Once all those are in place, we can perform a core-eval that will terminate the first/smallest of the unused price-feed vats (probably v111-stkATOM). We'll need to watch the chain carefully when that activates, and be prepared to ask for a governance vote to reduce the deletion rate if it looks like it's causing problems. v111 will probably take a week or so to finish deletion. If that goes well, we can do another next core-eval to delete the matching scaledPriceAuthority (v112, which is also pretty small). We might also increase the deletion rate if it seems safe. Eventually we might do a core-eval that terminates multiple vats, to reduce the number of votes needed to delete all ten (2 vats each for the 5 denoms: ATOM, stATOM, stTIA, stOSMO, stkATOM).

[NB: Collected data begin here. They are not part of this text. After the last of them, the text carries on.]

(* Let $\{e_j\}_{j=1}^d$ be an orthonormal basis of $\mathbb C^d$. There is a map $F:\mathbb R^{3d-2}\to\mathbb C^d$ (depending on the basis) such that the following holds. Let $m>0$, let $x\in\mathbb C^d\setminus\{0\}$ and $\epsilon\in\mathbb R^{3d-2}$ satisfy $|\langle x,e_j\rangle|^2-|\epsilon_j|\ge m\|x\|_\infty^2$ for all $j\in\{1,\dots,d\}$, and let $C=\frac{(1+\sqrt2)\|\epsilon\|_\infty+\|x\|_\infty^2}{m\|x\|_\infty^2}$. Then $y=(y_1,\dots,y_d)=F(\widetilde{\mathcal A}_{\{e_j\}}(x,\epsilon))$ satisfies, for all $k\in\{1,\dots,d\}$, $$\left|y_k-\frac{\overline{x_1}}{|x_1|}x_k\right|\le\left(\frac{2+\sqrt2}{m}\,\frac{1-C^{k-1}}{1-C}+\frac{C^{k-1}}{2\sqrt m}\right)\frac{\|\epsilon\|_\infty}{\|x\|_\infty}.$$
   Context: $\mathbb C^d$ has the standard inner product $\langle u,v\rangle=\sum u_k\overline{v_k}$. Here $x_k=\langle x,e_k\rangle$ and $\|x\|_\infty=\max_k|x_k|$ (coordinates with respect to the basis), $\|\epsilon\|_\infty=\max_j|\epsilon_j|$. Measurement vectors: $f_j=e_j$ ($1\le j\le d$), $f_j=e_{j-d}-e_{j-d+1}$ ($d+1\le j\le 2d-1$), $f_j=e_{j-(2d-1)}-ie_{j-(2d-1)+1}$ ($2d\le j\le 3d-2$); noisy measurements $\widetilde{\mathcal A}_{\{e_j\}}(x,\epsilon)=(|\langle x,f_j\rangle|^2+\epsilon_j)_{j=1}^{3d-2}$. The expression $\frac{1-C^{k-1}}{1-C}$ denotes $\sum_{i=0}^{k-2}C^i$ (which equals the quotient when $C\ne1$). *)

theory Defs
  imports Complex_Main
begin

text \<open>Vectors of C^d are represented as functions nat => complex, of which only the
  components with index in {1..d} are relevant. Vectors of R^(3d-2) are functions
  nat => real of which only the components with index in {1..3d-2} are relevant.\<close>

definition cinner :: "nat \<Rightarrow> (nat \<Rightarrow> complex) \<Rightarrow> (nat \<Rightarrow> complex) \<Rightarrow> complex" where
  "cinner d u v = (\<Sum>k=1..d. u k * cnj (v k))"

definition is_zero_vec :: "nat \<Rightarrow> (nat \<Rightarrow> complex) \<Rightarrow> bool" where
  "is_zero_vec d x \<longleftrightarrow> (\<forall>k\<in>{1..d}. x k = 0)"

definition orthonormal_basis :: "nat \<Rightarrow> (nat \<Rightarrow> nat \<Rightarrow> complex) \<Rightarrow> bool" where
  "orthonormal_basis d e \<longleftrightarrow>
     (\<forall>i\<in>{1..d}. \<forall>j\<in>{1..d}. cinner d (e i) (e j) = (if i = j then 1 else 0)) \<and>
     (\<forall>v::nat \<Rightarrow> complex. \<exists>c::nat \<Rightarrow> complex. \<forall>l\<in>{1..d}. v l = (\<Sum>j=1..d. c j * e j l))"

definition coord :: "nat \<Rightarrow> (nat \<Rightarrow> nat \<Rightarrow> complex) \<Rightarrow> (nat \<Rightarrow> complex) \<Rightarrow> nat \<Rightarrow> complex" where
  "coord d e x k = cinner d x (e k)"

definition sup_norm_coord :: "nat \<Rightarrow> (nat \<Rightarrow> nat \<Rightarrow> complex) \<Rightarrow> (nat \<Rightarrow> complex) \<Rightarrow> real" where
  "sup_norm_coord d e x = Max ((\<lambda>k. cmod (coord d e x k)) ` {1..d})"

definition sup_norm_real :: "nat \<Rightarrow> (nat \<Rightarrow> real) \<Rightarrow> real" where
  "sup_norm_real n eps = Max ((\<lambda>j. \<bar>eps j\<bar>) ` {1..n})"

definition meas_vec :: "nat \<Rightarrow> (nat \<Rightarrow> nat \<Rightarrow> complex) \<Rightarrow> nat \<Rightarrow> (nat \<Rightarrow> complex)" where
  "meas_vec d e j =
     (if j \<le> d then e j
      else if j \<le> 2*d - 1 then (\<lambda>l. e (j - d) l - e (j - d + 1) l)
      else (\<lambda>l. e (j - (2*d - 1)) l - \<i> * e (j - (2*d - 1) + 1) l))"

definition noisy_meas :: "nat \<Rightarrow> (nat \<Rightarrow> nat \<Rightarrow> complex) \<Rightarrow> (nat \<Rightarrow> complex) \<Rightarrow> (nat \<Rightarrow> real) \<Rightarrow> (nat \<Rightarrow> real)" where
  "noisy_meas d e x eps =
     (\<lambda>j. if j \<in> {1..3*d-2} then (cmod (cinner d x (meas_vec d e j)))^2 + eps j else 0)"

end

theory Submission
  imports Defs
begin

text \<open>The measurements against \<open>e\<^sub>k\<close>, \<open>e\<^sub>k - e\<^sub>k\<^sub>+\<^sub>1\<close> and \<open>e\<^sub>k - i e\<^sub>k\<^sub>+\<^sub>1\<close> determine
  \<open>x\<^sub>k \<overline>x\<^sub>k\<^sub>+\<^sub>1\<close> by polarization, up to an error \<open>(1 + \<surd>2) \<parallel>\<epsilon>\<parallel>\<^sub>\<infinity>\<close>. Starting from
  \<open>y\<^sub>1 = \<surd>b\<^sub>1 \<approx> |x\<^sub>1|\<close>, the recursion \<open>y\<^sub>k\<^sub>+\<^sub>1 = \<overline>z\<^sub>k y\<^sub>k / b\<^sub>k\<close> reconstructs
  \<open>x\<^sub>k\<^sub>+\<^sub>1\<close> up to the global phase \<open>\<overline>x\<^sub>1/|x\<^sub>1|\<close>. Each step multiplies the previous
  error by at most \<open>C\<close> and adds \<open>(2 + \<surd>2) \<parallel>\<epsilon>\<parallel>\<^sub>\<infinity> / (m \<parallel>x\<parallel>\<^sub>\<infinity>)\<close>, because the
  lower bound \<open>m \<parallel>x\<parallel>\<^sub>\<infinity>\<^sup>2\<close> keeps the divisors \<open>b\<^sub>k\<close> away from zero; unrolling this
  affine recursion gives the geometric sum.\<close>

lemma cmod_diff_square: "(cmod (u - v))\<^sup>2 = (cmod u)\<^sup>2 + (cmod v)\<^sup>2 - 2 * Re (u * cnj v)"
  unfolding cmod_power2 by (simp add: power2_eq_square algebra_simps)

many-diverse-validator testnet

We can't afford to build a full mainfork-cloned network with 100 validators, that's just too much compute and disk IO and disk space. But we'd like to build confidence that our deletion load is not going to cause validators to fall behind.

So we might build a testnet with many validators (maybe even 100), but with a mostly empty state. We could get virtual machines of varying CPU speeds, but we'll probably also want to introduce deliberate slowdowns to mimic what's happening on mainnet. Just a sleep() in the cosmic-swingset code before it starts doing kernel processing might suffice, maybe using a magic number in the hostname to decide how much to delay.

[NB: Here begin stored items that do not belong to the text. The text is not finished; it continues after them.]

(* Let $a,b\ge 0$ and $c>0$, and let $q:\mathbb R^M\to\mathbb R_+$ be a positive semidefinite quadratic form. Then the function $x\mapsto\left(a-b\,e^{-b\,q(x)}\right)e^{-c\,q(x)}$ is log-concave on $\mathbb R^M$ whenever $a\ge\frac{b^2+2bc}{c}$.
   Context: A function $f:\mathbb R^M\to\mathbb R_{\ge 0}$ is log-concave if $\log f$ is concave. *)

theory Defs
  imports "HOL-Analysis.Analysis"
begin

definition ln_ext :: "real \<Rightarrow> ereal" where
  "ln_ext x = (if x > 0 then ereal (ln x) else -\<infinity>)"

definition log_concave :: "('a::real_vector \<Rightarrow> real) \<Rightarrow> bool" where
  "log_concave f \<longleftrightarrow> (\<forall>x. f x \<ge> 0) \<and>
     (\<forall>x y t. 0 \<le> t \<and> t \<le> 1 \<longrightarrow>
        ereal (1 - t) * ln_ext (f x) + ereal t * ln_ext (f y)
          \<le> ln_ext (f ((1 - t) *\<^sub>R x + t *\<^sub>R y)))"

definition quadratic_form :: "(real ^ 'M \<Rightarrow> real) \<Rightarrow> bool" where
  "quadratic_form q \<longleftrightarrow> (\<exists>A :: real ^ 'M ^ 'M. \<forall>x. q x = x \<bullet> (A *v x))"

definition psd_quadratic_form :: "(real ^ 'M \<Rightarrow> real) \<Rightarrow> bool" where
  "psd_quadratic_form q \<longleftrightarrow> quadratic_form q \<and> (\<forall>x. q x \<ge> 0)"

end

theory Submission
  imports Defs
begin

text \<open>Write the function as \<open>F \<circ> q\<close> with the profile \<open>F s = (a - b exp (-b s)) exp (-c s)\<close>.
On \<open>s \<ge> 0\<close>, \<open>ln F s = ln (a - b exp (-b s)) - c s\<close> is concave, since
\<open>a - b exp (-b s)\<close> is concave and positive and \<open>ln\<close> is concave and increasing.
The bound on \<open>a\<close> gives \<open>b (b + c) exp (-b s) \<le> a c\<close>, which is \<open>F' \<le> 0\<close>,
so \<open>ln F\<close> is also nonincreasing. A concave nonincreasing function of the convex
nonnegative function \<open>q\<close> is concave.\<close>

lemma psd_quadratic_form_convex:
  fixes q :: "real ^ 'M \<Rightarrow> real"
  assumes "psd_quadratic_form q"
  shows "convex_on UNIV q"
proof (rule convex_onI)
  fix t :: real and x y :: "real ^ 'M"
  obtain A :: "real ^ 'M ^ 'M" where A: "\<And>x. q x = x \<bullet> (A *v x)"
    using assms unfolding psd_quadratic_form_def quadratic_form_def by blast
  have gap: "(1 - t) * q x + t * q y - q ((1 - t) *\<^sub>R x + t *\<^sub>R y) = t * (1 - t) * q (x - y)"
    unfolding A
    by (simp add: matrix_vector_mult_diff_distrib matrix_vector_right_distrib
        matrix_vector_mult_scaleR inner_diff_left inner_diff_right inner_add_left
        inner_add_right algebra_simps)
  assume "0 < t" "t < 1"
  moreover have "q (x - y) \<ge> 0"
    using assms unfolding psd_quadratic_form_def by blast
  ultimately have "t * (1 - t) * q (x - y) \<ge> 0"
    by simp
  with gap show "q ((1 - t) *\<^sub>R x + t *\<^sub>R y) \<le> (1 - t) * q x + t * q y"
    by linarith
qed simp

lemma concave_on_compose_mono:
  fixes g :: "real \<Rightarrow> real"
  assumes g: "concave_on T g" "mono_on T g"
    and f: "concave_on S f" "f ` S \<subseteq> T"
  shows "concave_on S (\<lambda>x. g (f x))"
proof -
  have "convex T" "convex S"
    using g f by (simp_all add: concave_on_imp_convex)
  show ?thesis
  proof (rule concave_on_iff[THEN iffD2], intro conjI ballI allI impI)
    fix x y and u v :: real
    assume xy: "x \<in> S" "y \<in> S" and uv: "0 \<le> u" "0 \<le> v" "u + v = 1"
    have fxy: "f x \<in> T" "f y \<in> T"
      using f(2) xy by auto
    have "u * g (f x) + v * g (f y) \<le> g (u * f x + v * f y)"
      using concave_on_iff[THEN iffD1, OF g(1)] fxy uv by simp
    also have "\<dots> \<le> g (f (u *\<^sub>R x + v *\<^sub>R y))"
    proof (rule mono_onD[OF g(2)])
      show "u * f x + v * f y \<in> T"
        using \<open>convex T\<close> fxy uv by (simp add: convex_def)
      show "f (u *\<^sub>R x + v *\<^sub>R y) \<in> T"
        using \<open>convex S\<close> f(2) xy uv by (auto simp: convex_def)
      show "u * f x + v * f y \<le> f (u *\<^sub>R x + v *\<^sub>R y)"
        using concave_on_iff[THEN iffD1, OF f(1)] xy uv by simp
    qed
    finally show "u * g (f x) + v * g (f y) \<le> g (f (u *\<^sub>R x + v *\<^sub>R y))" .
  qed fact
qed

lemma concave_on_compose_antimono:
  fixes g :: "real \<Rightarrow> real"
  assumes g: "concave_on T g" "antimono_on T g"
    and f: "convex_on S f" "f ` S \<subseteq> T"
  shows "concave_on S (\<lambda>x. g (f x))"
proof -
  have "convex T" "convex S"
    using g f by (simp_all add: concave_on_imp_convex convex_on_imp_convex)
  show ?thesis
  proof (rule concave_on_iff[THEN iffD2], intro conjI ballI allI impI)
    fix x y and u v :: real
    assume xy: "x \<in> S" "y \<in> S" and uv: "0 \<le> u" "0 \<le> v" "u + v = 1"
    have fxy: "f x \<in> T" "f y \<in> T"
      using f(2) xy by auto
    have "u * g (f x) + v * g (f y) \<le> g (u * f x + v * f y)"
      using concave_on_iff[THEN iffD1, OF g(1)] fxy uv by simp
    also have "\<dots> \<le> g (f (u *\<^sub>R x + v *\<^sub>R y))"
    proof (rule monotone_onD[OF g(2)])
      show "f (u *\<^sub>R x + v *\<^sub>R y) \<in> T"
        using \<open>convex S\<close> f(2) xy uv by (auto simp: convex_def)
      show "u * f x + v * f y \<in> T"
        using \<open>convex T\<close> fxy uv by (simp add: convex_def)
      show "f (u *\<^sub>R x + v *\<^sub>R y) \<le> u * f x + v * f y"
        using f(1) xy uv by (simp add: convex_on_def)
    qed
    finally show "u * g (f x) + v * g (f y) \<le> g (f (u *\<^sub>R x + v *\<^sub>R y))" .
  qed fact
qed

lemma log_concave_zero: "log_concave (\<lambda>x. 0)"
  unfolding log_concave_def ln_ext_def by (auto simp: le_less)

lemma pos_ln_concave_imp_log_concave:
  assumes "\<And>x. f x > 0" "concave_on UNIV (\<lambda>x. ln (f x))"
  shows "log_concave f"
  unfolding log_concave_def ln_ext_def
  using assms concave_onD[OF assms(2)] by (auto simp: less_imp_le)

lemma convex_on_exp_scaled: "convex_on UNIV (\<lambda>s. exp (l * s))"
  by (intro f''_ge0_imp_convex derivative_eq_intros | simp add: mult.assoc)+

lemma const_minus_exp_pos:
  fixes a b k s :: real
  assumes "0 \<le> b" "0 \<le> k" "b < a" "0 \<le> s"
  shows "0 < a - b * exp (- k * s)"
proof -
  have "b * exp (- k * s) \<le> b"
    using assms by (simp add: mult_left_le)
  with assms(3) show ?thesis
    by linarith
qed

lemma concave_on_ln_const_minus_exp:
  fixes a b k :: real
  assumes "0 \<le> b" "0 \<le> k" "b < a"
  shows "concave_on {0..} (\<lambda>s. ln (a - b * exp (- k * s)))"
proof (rule concave_on_compose_mono[OF ln_concave])
  show "mono_on {0::real<..} ln"
    by (auto intro!: mono_onI)
  show "concave_on {0..} (\<lambda>s. a - b * exp (- k * s))"
    using assms(1) convex_on_subset[OF convex_on_exp_scaled[of "- k"]]
    by (intro concave_on_diff convex_on_cmul) (auto simp: concave_on_const)
  show "(\<lambda>s. a - b * exp (- k * s)) ` {0..} \<subseteq> {0<..}"
    using const_minus_exp_pos[OF assms] by auto
qed

lemma antimono_on_profile:
  fixes a b c :: real
  assumes "0 \<le> b" "0 \<le> c" "b * (b + c) \<le> a * c"
  shows "antimono_on {0..} (\<lambda>s. (a - b * exp (- b * s)) * exp (- c * s))"
proof (rule monotone_onI)
  fix s s' :: real
  assume s: "s \<in> {0..}" "s' \<in> {0..}" "s \<le> s'"
  show "(a - b * exp (- b * s')) * exp (- c * s') \<le> (a - b * exp (- b * s)) * exp (- c * s)"
  proof (rule deriv_nonpos_imp_antimono[where g = "\<lambda>s. (a - b * exp (- b * s)) * exp (- c * s)"
        and g' = "\<lambda>x. exp (- c * x) * (b * (b + c) * exp (- b * x) - a * c)"])
    show "((\<lambda>s. (a - b * exp (- b * s)) * exp (- c * s)) has_real_derivative
        exp (- c * x) * (b * (b + c) * exp (- b * x) - a * c)) (at x)" for x
      by (rule derivative_eq_intros refl | simp add: algebra_simps power2_eq_square)+
    show "exp (- c * x) * (b * (b + c) * exp (- b * x) - a * c) \<le> 0" if "x \<in> {s..s'}" for x
    proof -
      have "b * (b + c) * exp (- b * x) \<le> b * (b + c)"
        using assms(1,2) s that by (simp add: mult_left_le)
      with assms(3) show ?thesis
        by (simp add: mult_nonneg_nonpos)
    qed
  qed (use s in simp)
qed

lemma antimono_on_ln_profile:
  fixes a b c :: real
  assumes "0 \<le> b" "0 \<le> c" "b < a" "b * (b + c) \<le> a * c"
  shows "antimono_on {0..} (\<lambda>s. ln (a - b * exp (- b * s)) - c * s)"
proof (rule monotone_onI)
  fix s s' :: real
  assume s: "s \<in> {0..}" "s' \<in> {0..}" "s \<le> s'"
  have profile_pos: "0 < (a - b * exp (- b * x)) * exp (- c * x)" if "0 \<le> x" for x
    using const_minus_exp_pos[OF assms(1,1,3) that] by simp
  have ln_profile: "ln ((a - b * exp (- b * x)) * exp (- c * x)) = ln (a - b * exp (- b * x)) - c * x"
    if "0 \<le> x" for x
    using const_minus_exp_pos[OF assms(1,1,3) that] by (simp add: ln_mult_pos)
  have "(a - b * exp (- b * s')) * exp (- c * s') \<le> (a - b * exp (- b * s)) * exp (- c * s)"
    using monotone_onD[OF antimono_on_profile[OF assms(1,2,4)] s] by simp
  then have "ln ((a - b * exp (- b * s')) * exp (- c * s')) \<le> ln ((a - b * exp (- b * s)) * exp (- c * s))"
    using profile_pos s by (simp add: ln_le_cancel_iff)
  then show "ln (a - b * exp (- b * s')) - c * s' \<le> ln (a - b * exp (- b * s)) - c * s"
    using s by (simp only: ln_profile atLeast_iff)
qed

lemma log_concave_profile_compose_convex:
  fixes q :: "'a::real_vector \<Rightarrow> real" and a b c :: real
  assumes "0 \<le> b" "0 \<le> c" "b < a" "b * (b + c) \<le> a * c"
    and "convex_on UNIV q" "\<And>x. 0 \<le> q x"
  shows "log_concave (\<lambda>x. (a - b * exp (- b * q x)) * exp (- c * q x))"
proof -
  define g where "g s = ln (a - b * exp (- b * s)) - c * s" for s
  have "concave_on UNIV (\<lambda>x. g (q x))"
  proof (rule concave_on_compose_antimono[where g = g and f = q and T = "{0..}"])
    show "concave_on {0..} g"
      unfolding g_def using assms(1-3)
      by (intro concave_on_diff concave_on_ln_const_minus_exp convex_on_cmul)
        (auto simp: convex_on_ident)
    show "antimono_on {0..} g"
      unfolding g_def using assms(1-4) by (rule antimono_on_ln_profile)
  qed (use assms(5,6) in auto)
  moreover have pos: "0 < a - b * exp (- b * q x)" for x
    using const_minus_exp_pos[OF assms(1,1,3,6)] .
  moreover have "(\<lambda>x. ln ((a - b * exp (- b * q x)) * exp (- c * q x))) = (\<lambda>x. g (q x))"
    using pos by (simp add: g_def ln_mult_pos)
  ultimately show ?thesis
    by (intro pos_ln_concave_imp_log_concave) simp_all
qed

theorem lemma2:
  fixes q :: "real ^ 'M \<Rightarrow> real" and a b c :: real
  assumes "a \<ge> 0" and "b \<ge> 0" and "c > 0"
    and "psd_quadratic_form q"
    and "a \<ge> (b\<^sup>2 + 2 * b * c) / c"
  shows "log_concave (\<lambda>x. (a - b * exp (- b * q x)) * exp (- c * q x))"
proof -
  have ac: "b\<^sup>2 + 2 * b * c \<le> a * c"
    using assms(3,5) by (simp add: field_simps)
  then have "2 * b * c \<le> a * c"
    using zero_le_power2[of b] by linarith
  then have "2 * b \<le> a"
    using assms(3) by simp
  show ?thesis
  proof (cases "a = 0")
    case True
    with \<open>2 * b \<le> a\<close> assms(2) show ?thesis
      using log_concave_zero by simp
  next
    case False
    with assms(1,2) \<open>2 * b \<le> a\<close> have "b < a"
      by linarith
    moreover have "b * (b + c) \<le> a * c"
      using ac mult_nonneg_nonneg[of b c] assms(2,3)
      unfolding power2_eq_square distrib_left by linarith
    moreover have "\<And>x. 0 \<le> q x"
      using assms(4) unfolding psd_quadratic_form_def by blast
    ultimately show ?thesis
      using assms(2,3,4) psd_quadratic_form_convex
      by (intro log_concave_profile_compose_convex) auto
  qed
qed

end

Then we experiment with various delays, trying to create a mix of validators that roughly matches what we currently see on mainnet. Currently, a PushPrice that takes 1.5s doesn't have a large effect on validators (we might only miss one or two signatures on the next block, and get back to the full set of 100 votes by the second block). But a block that spends 3 or more seconds doing compute will cause more validators to miss the voting window.

The intention is to convince ourselves that our synthetic variety of validators is suffering the same missing votes (due to large computation) as our real mainnet validators are. Then, we build up a vat to be large enough that deleting its state takes a couple of hours. Then we trigger that termination/deletion, and watch the resulting block times and vote counts carefully.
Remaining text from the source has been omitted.